definition is_equilibrium :: "'s set \<Rightarrow> ('s \<Rightarrow> 's \<Rightarrow> real) \<Rightarrow> ('s \<Rightarrow> real) \<Rightarrow> bool" where
  "is_equilibrium S Q p \<longleftrightarrow>
     (\<forall>x\<in>S. p x \<ge> 0) \<and> (p has_sum 1) S \<and>
     (\<forall>x\<in>S. p x * out_rate S Q x = (\<Sum>\<^sub>\<infinity>y\<in>S - {x}. p y * Q y x))"

definition inner_eqs ::
  "nat \<Rightarrow> int \<Rightarrow> (int \<Rightarrow> nat \<Rightarrow> real) \<Rightarrow> (int \<Rightarrow> nat \<Rightarrow> real) \<Rightarrow> (int \<Rightarrow> nat \<Rightarrow> real)
   \<Rightarrow> (int \<Rightarrow> nat \<Rightarrow> real) \<Rightarrow> (wstate \<Rightarrow> complex) \<Rightarrow> bool" where
  "inner_eqs c K a b cc d q \<longleftrightarrow>
    (\<forall>n0 A. (n0, A) \<in> Wset c \<and> int n0 \<ge> K \<longrightarrow>
      (\<Sum>i\<in>{1..c}. \<Sum>\<^sub>\<infinity>k\<in>{..K}.
          complex_of_real (if i \<in> A then cc k i + d k i else a k i + b k i)) * q (n0, A)
      = (\<Sum>i\<in>{1..c}. \<Sum>\<^sub>\<infinity>k\<in>{..K}.
          (if i \<notin> A then
             complex_of_real (b k i) * q (nat (int n0 - k), A)
             + complex_of_real (d k i) * q (nat (int n0 - k), insert i A)
           else
             complex_of_real (a k i) * q (nat (int n0 - k), A - {i})
             + complex_of_real (cc k i) * q (nat (int n0 - k), A))))"

definition cand :: "nat \<Rightarrow> (nat \<Rightarrow> wstate \<Rightarrow> complex) \<Rightarrow> (nat \<Rightarrow> complex)
    \<Rightarrow> ('v \<Rightarrow> complex) \<Rightarrow> 'v + wstate \<Rightarrow> complex" where
  "cand N P \<beta> u x = (case x of Inl v \<Rightarrow> u v | Inr w \<Rightarrow> (\<Sum>j<N. \<beta> j * P j w))"

definition boundary_sys ::
  "'v set \<Rightarrow> nat \<Rightarrow> int \<Rightarrow> ('v + wstate \<Rightarrow> 'v + wstate \<Rightarrow> real) \<Rightarrow> nat \<Rightarrow> (nat \<Rightarrow> wstate \<Rightarrow> complex)
   \<Rightarrow> (nat \<Rightarrow> complex) \<Rightarrow> ('v \<Rightarrow> complex) \<Rightarrow> bool" where
  "boundary_sys V c K Q N P \<beta> u \<longleftrightarrow>
     (\<forall>x\<in>states V c. (case x of Inl _ \<Rightarrow> True | Inr w \<Rightarrow> int (fst w) < K) \<longrightarrow>
        cand N P \<beta> u x * complex_of_real (out_rate (states V c) Q x)
        = (\<Sum>\<^sub>\<infinity>y\<in>states V c - {x}. cand N P \<beta> u y * complex_of_real (Q y x)))
     \<and> (\<Sum>\<^sub>\<infinity>x\<in>states V c. cand N P \<beta> u x) = 1"

end

theory Submission
  imports Defs "Jordan_Normal_Form.Determinant"
begin

text \<open>For an irreducible chain with bounded rates, every absolutely summable solution of
  the global balance equations is a multiple of the equilibrium distribution: its positive
  part is again a solution (flux is conserved), and positivity propagates along the
  transitions. Completing any combination \<open>\<Sum>\<^sub>j \<beta>\<^sub>j P\<^sub>j\<close> by arbitrary values on \<open>V\<close>
  gives a function that is balanced at every state of \<open>W\<close> of level at least \<open>K\<close>, by the
  inner equations and because \<open>V\<close> does not jump there. The remaining balance equations,
  at \<open>V\<close> and at the \<open>2\<^sup>c K\<close> states of \<open>W\<close> below level \<open>K\<close>, form a square linear system
  in the \<open>2\<^sup>c K\<close> coefficients and the values on \<open>V\<close>; by conservation of flux its equations
  sum to zero, so it has a nonzero solution, which is then a nonzero multiple of \<open>p\<close>.
  Uniqueness of the coefficients is the linear independence of the \<open>P\<^sub>j\<close>.\<close>

lemma has_sum_diff:
  fixes f g :: "'a \<Rightarrow> 'b::topological_ab_group_add"
  assumes "(f has_sum s) A" and "(g has_sum t) A"
  shows "((\<lambda>x. f x - g x) has_sum (s - t)) A"
proof -
  have "((\<lambda>x. - g x) has_sum (- t)) A"
    using assms(2) by (simp add: has_sum_uminus)
  from has_sum_add[OF assms(1) this] show ?thesis by simp
qed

-------

▸ What the task asks
Only lines with the word "longrightarrow" are needed. Copy them from the preceding records.

▸ Response area
    (\<forall>n0 A. (n0, A) \<in> Wset c \<and> int n0 \<ge> K \<longrightarrow>
     (\<forall>x\<in>states V c. (case x of Inl _ \<Rightarrow> True | Inr w \<Rightarrow> int (fst w) < K) \<longrightarrow>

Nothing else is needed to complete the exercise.